● Activity: Range to output from the entries below: the line containing "the ordinal x" through the line containing "set \<Rightarrow> 'o set \<Rightarrow> 'o". Set it down exactly, ends included, nothing else.

(Material for this task Opens)

theorem mainTheorem10:
  fixes a :: "'m::finite \<Rightarrow> real^'n" and P :: "'m set set"
  assumes distinct_cols: "inj a"
    and part: "partition_on UNIV P"
    and faces: "\<And>B. B \<in> P \<Longrightarrow> New a B face_of New a UNIV"
    and disj: "\<And>B B'. B \<in> P \<Longrightarrow> B' \<in> P \<Longrightarrow> B \<noteq> B' \<Longrightarrow> New a B \<inter> New a B' = {}"
    and cond1: "\<And>B. B \<in> P \<Longrightarrow> \<not> affine_dependent {v. v extreme_point_of New a B}
                  \<Longrightarrow> card (nonextreme_cols a B) \<le> 2"
    and cond2: "\<And>B. B \<in> P \<Longrightarrow> affine_dependent {v. v extreme_point_of New a B}
                  \<Longrightarrow> card (nonextreme_cols a B) \<le> 1"
  shows "C_SAGE a = C_NNS a"
proof
  show "C_SAGE a \<subseteq> C_NNS a" by (rule C_SAGE_subset_C_NNS)
  show "C_NNS a \<subseteq> C_SAGE a"
  proof
    fix c assume c: "c \<in> C_NNS a"
    have "(\<lambda>i. if i \<in> B then c i else 0) \<in> C_SAGE a" if B: "B \<in> P" for B
    proof (rule C_NNS_block_in_C_SAGE[OF distinct_cols faces[OF B] cond1[OF B] cond2[OF B]])
      show "(\<lambda>i. if i \<in> B then c i else 0) \<in> C_NNS a"
        using C_NNS_restrict_face[OF c faces[OF B]] New_partition_column_iff[OF part disj B]
        by simp
    next
      fix i assume "i \<notin> B"
      then show "(if i \<in> B then c i else 0) = 0" by simp
    qed
    then have "(\<lambda>i. \<Sum>B\<in>P. if i \<in> B then c i else 0) \<in> C_SAGE a"
      by (intro C_SAGE_sum) auto
    moreover have "(\<lambda>i. \<Sum>B\<in>P. if i \<in> B then c i else 0) = c"
      by (rule partition_on_sum_restrict[OF part]) simp
    ultimately show "c \<in> C_SAGE a" by simp
  qed
qed

end
(* Let $\mu$ be a singular cardinal, let $\vec{\mu}=\langle\mu_i:i<\operatorname{cf}(\mu)\rangle$ be an increasing sequence of regular cardinals cofinal in $\mu$, and let $\rho$ be a regular cardinal. Suppose $\vec f=\langle f_\nu:\nu<\rho\rangle$ is a sequence of functions in $\prod_{i<\operatorname{cf}(\mu)}\mu_i$ such that $(\vec\mu,\vec f)$ is a scale of length $\rho$ for $\mu$. Then $\rho\in\operatorname{spec}^*(A)$, where $A=\{\mu_i:i<\operatorname{cf}(\mu)\}$.
   Context: $(\vec\mu,\vec f)$ is a scale of length $\rho$ for $\mu$ if $\vec f$ is increasing and cofinal in $\prod_{i<\operatorname{cf}(\mu)}\mu_i$ modulo the ideal of bounded subsets of $\{\mu_i:i<\operatorname{cf}(\mu)\}$ (i.e., $f<g$ mod this ideal iff $f(\mu_i)<g(\mu_i)$ for all sufficiently large $i$). For a set $A$ of regular cardinals, $\prod A$ is the set of functions on $A$ with $f(a)\in a$; for $\mathcal{G}\subseteq\prod A$, $\operatorname{ub}(\mathcal{G})$ is the set of $a\in A$ with $\{f(a):f\in\mathcal{G}\}$ unbounded in $a$. $\operatorname{spec}^*(A)$ is the set of regular $\lambda$ such that there is $\mathcal{F}\subseteq\prod A$ of size $\lambda$ such that for every $\mathcal{F}_0\subseteq\mathcal{F}$ of size $\lambda$, $\operatorname{ub}(\mathcal{F}_0)$ is unbounded in $\sup(A)$. *)

theory Defs
  imports Main "HOL-Library.Equipollence" "HOL-Library.FuncSet"
begin

text \<open>Ordinals are modelled as elements of an arbitrary well-ordered type 'o;
  the ordinal x is identified with its initial segment seg x.\<close>

definition seg :: "'o::wellorder \<Rightarrow> 'o set" where
  "seg x = {y. y < x}"

definition is_cardinal :: "'o::wellorder \<Rightarrow> bool" where
  "is_cardinal k \<longleftrightarrow> (\<forall>b<k. \<not> (seg b \<approx> seg k))"

definition cofinal_in :: "'o::wellorder set \<Rightarrow> 'o \<Rightarrow> bool" where
  "cofinal_in X k \<longleftrightarrow> X \<subseteq> seg k \<and> (\<forall>b<k. \<exists>x\<in>X. b \<le> x)"

definition regular_cardinal :: "'o::wellorder \<Rightarrow> bool" where
  "regular_cardinal k \<longleftrightarrow> is_cardinal k \<and> infinite (seg k) \<and>
     (\<forall>X. cofinal_in X k \<longrightarrow> seg k \<lesssim> X)"

definition singular_cardinal :: "'o::wellorder \<Rightarrow> bool" where
  "singular_cardinal k \<longleftrightarrow> is_cardinal k \<and> infinite (seg k) \<and> \<not> regular_cardinal k"

definition cf :: "'o::wellorder \<Rightarrow> 'o" where
  "cf k = (LEAST t. \<exists>X. cofinal_in X k \<and> X \<approx> seg t)"

text \<open>Eventual domination modulo the ideal of bounded subsets of the index set seg th.\<close>
definition lt_mod_bd :: "'o::wellorder \<Rightarrow> ('o \<Rightarrow> 'o) \<Rightarrow> ('o \<Rightarrow> 'o) \<Rightarrow> bool" where
  "lt_mod_bd th f g \<longleftrightarrow> (\<exists>j<th. \<forall>i. j \<le> i \<and> i < th \<longrightarrow> f i < g i)"

definition prod_seq :: "'o::wellorder \<Rightarrow> ('o \<Rightarrow> 'o) \<Rightarrow> ('o \<Rightarrow> 'o) set" where
  "prod_seq th m = Pi\<^sub>E (seg th) (\<lambda>i. seg (m i))"

definition is_scale :: "'o::wellorder \<Rightarrow> ('o \<Rightarrow> 'o) \<Rightarrow> 'o \<Rightarrow> ('o \<Rightarrow> 'o \<Rightarrow> 'o) \<Rightarrow> bool" where
  "is_scale mu m rho fs \<longleftrightarrow>
     (\<forall>v<rho. fs v \<in> prod_seq (cf mu) m) \<and>
     (\<forall>v w. v < w \<and> w < rho \<longrightarrow> lt_mod_bd (cf mu) (fs v) (fs w)) \<and>
     (\<forall>g\<in>prod_seq (cf mu) m. \<exists>v<rho. lt_mod_bd (cf mu) g (fs v))"

definition prodA :: "'o::wellorder set \<Rightarrow> ('o \<Rightarrow> 'o) set" where
  "prodA A = Pi\<^sub>E A seg"

definition ub :: "('o::wellorder \<Rightarrow> 'o) set \<Rightarrow> 'o set \<Rightarrow> 'o set" where
  "ub G A = {a\<in>A. \<forall>b<a. \<exists>f\<in>G. b \<le> f a}"

definition unbounded_in_sup :: "'o::wellorder set \<Rightarrow> 'o set \<Rightarrow> bool" where
  "unbounded_in_sup X A \<longleftrightarrow> (\<forall>b. (\<exists>a\<in>A. b < a) \<longrightarrow> (\<exists>x\<in>X. b \<le> x))"

definition spec_star :: "'o::wellorder set \<Rightarrow> 'o set" where
  "spec_star A = {l. regular_cardinal l \<and>
     (\<exists>F. F \<subseteq> prodA A \<and> F \<approx> seg l \<and>
        (\<forall>F0. F0 \<subseteq> F \<and> F0 \<approx> seg l \<longrightarrow> unbounded_in_sup (ub F0 A) A))}"

end

theory Submission
  imports Defs
begin

text \<open>Transport the scale from the index set \<open>cf \<mu>\<close> to \<open>A = {\<mu>\<^sub>i}\<close>, where it is a family
  of \<open>\<rho>\<close> distinct functions. If some \<open>\<rho>\<close>-sized subfamily had only boundedly many
  \<open>\<mu>\<^sub>i\<close> in its \<open>ub\<close>, then beyond that bound the subfamily would be pointwise bounded
  by some \<open>h \<in> \<Prod>\<^sub>i \<mu>\<^sub>i\<close>. As \<open>\<rho>\<close> is a cardinal, the subfamily's indices are cofinal in
  \<open>\<rho>\<close>, so it contains a member above the scale function that eventually dominates
  \<open>h\<close>, a contradiction.\<close>

lemma cardinal_eqpoll_subset_unbounded:
  assumes "is_cardinal k" and "X \<approx> seg k" and "v < k"
  shows "\<exists>w\<in>X. v \<le> w"
proof (rule ccontr)
  assume "\<not> (\<exists>w\<in>X. v \<le> w)"
  then have "X \<subseteq> seg v" by (auto simp: seg_def)
  then have "seg k \<lesssim> seg v"
    using assms(2) eqpoll_sym lepoll_trans1 subset_imp_lepoll by blast
  moreover have "seg v \<lesssim> seg k"
    using assms(3) by (intro subset_imp_lepoll) (auto simp: seg_def)
  ultimately have "seg v \<approx> seg k" by (simp add: lepoll_antisym)
  then show False using assms(1,3) unfolding is_cardinal_def by blast
qed

lemma lt_mod_bd_trans:
  assumes "lt_mod_bd th f g" and "lt_mod_bd th g h"
  shows "lt_mod_bd th f h"
proof -
  obtain j1 where "j1 < th" "\<forall>i. j1 \<le> i \<and> i < th \<longrightarrow> f i < g i"
    using assms(1) unfolding lt_mod_bd_def by blast
  moreover obtain j2 where "j2 < th" "\<forall>i. j2 \<le> i \<and> i < th \<longrightarrow> g i < h i"
    using assms(2) unfolding lt_mod_bd_def by blast
  ultimately show ?thesis
    unfolding lt_mod_bd_def by (intro exI[of _ "max j1 j2"]) (auto intro: less_trans)
qed

lemma scale_lt_mod_bd_mono:
  assumes "is_scale mu m rho fs" and "lt_mod_bd (cf mu) h (fs v)" and "v \<le> w" and "w < rho"
  shows "lt_mod_bd (cf mu) h (fs w)"
proof (cases "v = w")
  case False
  then have "lt_mod_bd (cf mu) (fs v) (fs w)"
    using assms(1,3,4) unfolding is_scale_def by simp
  then show ?thesis using assms(2) lt_mod_bd_trans by blast
qed (use assms(2) in simp)

lemma scale_image_subset_prod_seq:
  assumes "is_scale mu m rho fs"
  shows "fs ` seg rho \<subseteq> prod_seq (cf mu) m"
  using assms unfolding is_scale_def by (auto simp: seg_def)

lemma scale_inj_on:
  assumes "is_scale mu m rho fs"
  shows "inj_on fs (seg rho)"
proof -
  have "fs v \<noteq> fs w" if "v < w" "w < rho" for v w
  proof -
    have "lt_mod_bd (cf mu) (fs v) (fs w)"
      using assms that unfolding is_scale_def by blast
    then obtain j where "j < cf mu" "fs v j < fs w j"
      unfolding lt_mod_bd_def by blast
    then show ?thesis by auto
  qed
  then show ?thesis
    unfolding inj_on_def seg_def by (metis linorder_neqE mem_Collect_eq)
qed

lemma scale_cofinal_subfamily_unbounded:
  assumes scale: "is_scale mu m rho fs"
    and nonempty: "\<forall>i<cf mu. seg (m i) \<noteq> {}"
    and I: "I \<subseteq> seg rho" "\<forall>v<rho. \<exists>w\<in>I. v \<le> w"
    and "j < cf mu"
  shows "\<exists>i. j \<le> i \<and> i < cf mu \<and> (\<forall>c<m i. \<exists>w\<in>I. c \<le> fs w i)"
proof (rule ccontr)
  assume "\<not> ?thesis"
  then have "\<exists>c<m i. \<forall>w\<in>I. fs w i < c" if "j \<le> i" "i < cf mu" for i
    using that by (auto simp: not_le)
  then obtain c where c: "\<And>i. j \<le> i \<Longrightarrow> i < cf mu \<Longrightarrow> c i < m i \<and> (\<forall>w\<in>I. fs w i < c i)"
    by metis
  define h where
    "h = restrict (\<lambda>i. if j \<le> i then c i else (SOME y. y < m i)) (seg (cf mu))"
  have "(SOME y. y < m i) < m i" if "i < cf mu" for i
  proof -
    have "\<exists>y. y < m i" using nonempty that by (auto simp: seg_def)
    then show ?thesis by (rule someI_ex)
  qed
  then have "h \<in> prod_seq (cf mu) m"
    unfolding prod_seq_def h_def using c by (auto simp: seg_def)
  then obtain v where v: "v < rho" "lt_mod_bd (cf mu) h (fs v)"
    using scale unfolding is_scale_def by blast
  obtain w where w: "w \<in> I" "v \<le> w"
    using I(2) v(1) by blast
  then have "lt_mod_bd (cf mu) h (fs w)"
    using scale_lt_mod_bd_mono[OF scale v(2)] I(1) by (auto simp: seg_def)
  then obtain k where k: "k < cf mu" "\<forall>i. k \<le> i \<and> i < cf mu \<longrightarrow> h i < fs w i"
    unfolding lt_mod_bd_def by blast
  define i where "i = max j k"
  have "i < cf mu" "j \<le> i" "k \<le> i"
    using k(1) \<open>j < cf mu\<close> by (auto simp: i_def)
  then have "c i < fs w i" and "fs w i < c i"
    using k(2) c w(1) by (auto simp: h_def seg_def)
  then show False by simp
qed

definition on_image :: "'o::wellorder \<Rightarrow> ('o \<Rightarrow> 'o) \<Rightarrow> ('o \<Rightarrow> 'o) \<Rightarrow> 'o \<Rightarrow> 'o" where
  "on_image th m f = restrict (f \<circ> inv_into (seg th) m) (m ` seg th)"

lemma on_image_apply:
  assumes "inj_on m (seg th)" and "i < th"
  shows "on_image th m f (m i) = f i"
  using assms by (simp add: on_image_def seg_def)

lemma on_image_in_prodA:
  assumes "inj_on m (seg th)" and "f \<in> prod_seq th m"
  shows "on_image th m f \<in> prodA (m ` seg th)"
  using assms unfolding prodA_def prod_seq_def by (auto simp: on_image_apply on_image_def seg_def)

lemma inj_on_on_image:
  assumes "inj_on m (seg th)"
  shows "inj_on (on_image th m) (prod_seq th m)"
proof (rule inj_onI)
  fix f g assume "f \<in> prod_seq th m" "g \<in> prod_seq th m" "on_image th m f = on_image th m g"
  then show "f = g"
    using on_image_apply[OF assms] unfolding prod_seq_def
    by (metis PiE_ext mem_Collect_eq seg_def)
qed

lemma scale_on_image_inj_on:
  assumes "is_scale mu m rho fs" and "inj_on m (seg (cf mu))"
  shows "inj_on (on_image (cf mu) m \<circ> fs) (seg rho)"
proof (rule comp_inj_on)
  show "inj_on fs (seg rho)" using assms(1) by (rule scale_inj_on)
  show "inj_on (on_image (cf mu) m) (fs ` seg rho)"
    using inj_on_on_image[OF assms(2)] scale_image_subset_prod_seq[OF assms(1)]
    by (rule inj_on_subset)
qed

lemma scale_on_image_subfamily_unbounded:
  assumes scale: "is_scale mu m rho fs"
    and mono: "strict_mono_on (seg (cf mu)) m"
    and nonempty: "\<forall>i<cf mu. seg (m i) \<noteq> {}"
    and "is_cardinal rho"
    and F0: "F0 \<subseteq> (on_image (cf mu) m \<circ> fs) ` seg rho" "F0 \<approx> seg rho"
  shows "unbounded_in_sup (ub F0 (m ` seg (cf mu))) (m ` seg (cf mu))"
  unfolding unbounded_in_sup_def
proof (intro allI impI)
  fix b assume "\<exists>a\<in>m ` seg (cf mu). b < a"
  then obtain j where j: "j < cf mu" "b < m j" by (auto simp: seg_def)
  let ?g = "on_image (cf mu) m \<circ> fs"
  define I where "I = {v \<in> seg rho. ?g v \<in> F0}"
  have inj_m: "inj_on m (seg (cf mu))"
    using mono strict_mono_on_imp_inj_on by blast
  have "?g ` I = F0"
    using F0(1) unfolding I_def by blast
  moreover have "inj_on ?g I"
    using scale_on_image_inj_on[OF scale inj_m] by (rule inj_on_subset) (simp add: I_def)
  ultimately have "I \<approx> seg rho"
    using F0(2) inj_on_image_eqpoll_self eqpoll_sym eqpoll_trans by metis
  then have "\<forall>v<rho. \<exists>w\<in>I. v \<le> w"
    using \<open>is_cardinal rho\<close> cardinal_eqpoll_subset_unbounded by blast
  moreover have "I \<subseteq> seg rho"
    by (simp add: I_def)
  ultimately obtain i where i: "j \<le> i" "i < cf mu" "\<forall>c<m i. \<exists>w\<in>I. c \<le> fs w i"
    using scale_cofinal_subfamily_unbounded[OF scale nonempty] j(1) by blast
  have "m i \<in> ub F0 (m ` seg (cf mu))"
    unfolding ub_def
  proof (intro CollectI conjI allI impI)
    show "m i \<in> m ` seg (cf mu)" using i(2) by (simp add: seg_def)
    fix c assume "c < m i"
    then obtain w where "w \<in> I" "c \<le> fs w i" using i(3) by blast
    then show "\<exists>f\<in>F0. c \<le> f (m i)"
      using on_image_apply[OF inj_m i(2)] unfolding I_def by (metis comp_apply mem_Collect_eq)
  qed
  moreover have "m j \<le> m i"
    using mono i(1,2) j(1) unfolding strict_mono_on_def seg_def
    by (metis le_less mem_Collect_eq)
  ultimately show "\<exists>x\<in>ub F0 (m ` seg (cf mu)). b \<le> x"
    using j(2) by (intro bexI[of _ "m i"]) auto
qed

theorem lemma5p5:
  fixes mu rho :: "'o::wellorder" and m :: "'o \<Rightarrow> 'o" and fs :: "'o \<Rightarrow> 'o \<Rightarrow> 'o"
  assumes "singular_cardinal mu"
    and "strict_mono_on (seg (cf mu)) m"
    and "\<forall>i<cf mu. regular_cardinal (m i) \<and> m i < mu"
    and "cofinal_in (m ` seg (cf mu)) mu"
    and "regular_cardinal rho"
    and "is_scale mu m rho fs"
  shows "rho \<in> spec_star (m ` seg (cf mu))"
proof -
  let ?F = "(on_image (cf mu) m \<circ> fs) ` seg rho"
  have inj_m: "inj_on m (seg (cf mu))"
    using assms(2) strict_mono_on_imp_inj_on by blast
  have nonempty: "\<forall>i<cf mu. seg (m i) \<noteq> {}"
    using assms(3) unfolding regular_cardinal_def by force
  have "?F \<subseteq> prodA (m ` seg (cf mu))"
    using scale_image_subset_prod_seq[OF assms(6)] on_image_in_prodA[OF inj_m] by auto
  moreover have "?F \<approx> seg rho"
    using scale_on_image_inj_on[OF assms(6) inj_m] by (rule inj_on_image_eqpoll_self)
  moreover have "is_cardinal rho"
    using assms(5) unfolding regular_cardinal_def by blast
  ultimately show ?thesis
    unfolding spec_star_def
    using assms(5) scale_on_image_subfamily_unbounded[OF assms(6,2) nonempty] by blast
qed

end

(Material for this task Closes)

● Answer to the problem:
  the ordinal x is identified with its initial segment seg x.\<close>

definition seg :: "'o::wellorder \<Rightarrow> 'o set" where
  "seg x = {y. y < x}"

definition is_cardinal :: "'o::wellorder \<Rightarrow> bool" where
  "is_cardinal k \<longleftrightarrow> (\<forall>b<k. \<not> (seg b \<approx> seg k))"

definition cofinal_in :: "'o::wellorder set \<Rightarrow> 'o \<Rightarrow> bool" where
  "cofinal_in X k \<longleftrightarrow> X \<subseteq> seg k \<and> (\<forall>b<k. \<exists>x\<in>X. b \<le> x)"

definition regular_cardinal :: "'o::wellorder \<Rightarrow> bool" where
  "regular_cardinal k \<longleftrightarrow> is_cardinal k \<and> infinite (seg k) \<and>
     (\<forall>X. cofinal_in X k \<longrightarrow> seg k \<lesssim> X)"

definition singular_cardinal :: "'o::wellorder \<Rightarrow> bool" where
  "singular_cardinal k \<longleftrightarrow> is_cardinal k \<and> infinite (seg k) \<and> \<not> regular_cardinal k"

definition cf :: "'o::wellorder \<Rightarrow> 'o" where
  "cf k = (LEAST t. \<exists>X. cofinal_in X k \<and> X \<approx> seg t)"

text \<open>Eventual domination modulo the ideal of bounded subsets of the index set seg th.\<close>
definition lt_mod_bd :: "'o::wellorder \<Rightarrow> ('o \<Rightarrow> 'o) \<Rightarrow> ('o \<Rightarrow> 'o) \<Rightarrow> bool" where
  "lt_mod_bd th f g \<longleftrightarrow> (\<exists>j<th. \<forall>i. j \<le> i \<and> i < th \<longrightarrow> f i < g i)"

definition prod_seq :: "'o::wellorder \<Rightarrow> ('o \<Rightarrow> 'o) \<Rightarrow> ('o \<Rightarrow> 'o) set" where
  "prod_seq th m = Pi\<^sub>E (seg th) (\<lambda>i. seg (m i))"

definition is_scale :: "'o::wellorder \<Rightarrow> ('o \<Rightarrow> 'o) \<Rightarrow> 'o \<Rightarrow> ('o \<Rightarrow> 'o \<Rightarrow> 'o) \<Rightarrow> bool" where
  "is_scale mu m rho fs \<longleftrightarrow>
     (\<forall>v<rho. fs v \<in> prod_seq (cf mu) m) \<and>
     (\<forall>v w. v < w \<and> w < rho \<longrightarrow> lt_mod_bd (cf mu) (fs v) (fs w)) \<and>
     (\<forall>g\<in>prod_seq (cf mu) m. \<exists>v<rho. lt_mod_bd (cf mu) g (fs v))"

definition prodA :: "'o::wellorder set \<Rightarrow> ('o \<Rightarrow> 'o) set" where
  "prodA A = Pi\<^sub>E A seg"

definition ub :: "('o::wellorder \<Rightarrow> 'o) set \<Rightarrow> 'o set \<Rightarrow> 'o set" where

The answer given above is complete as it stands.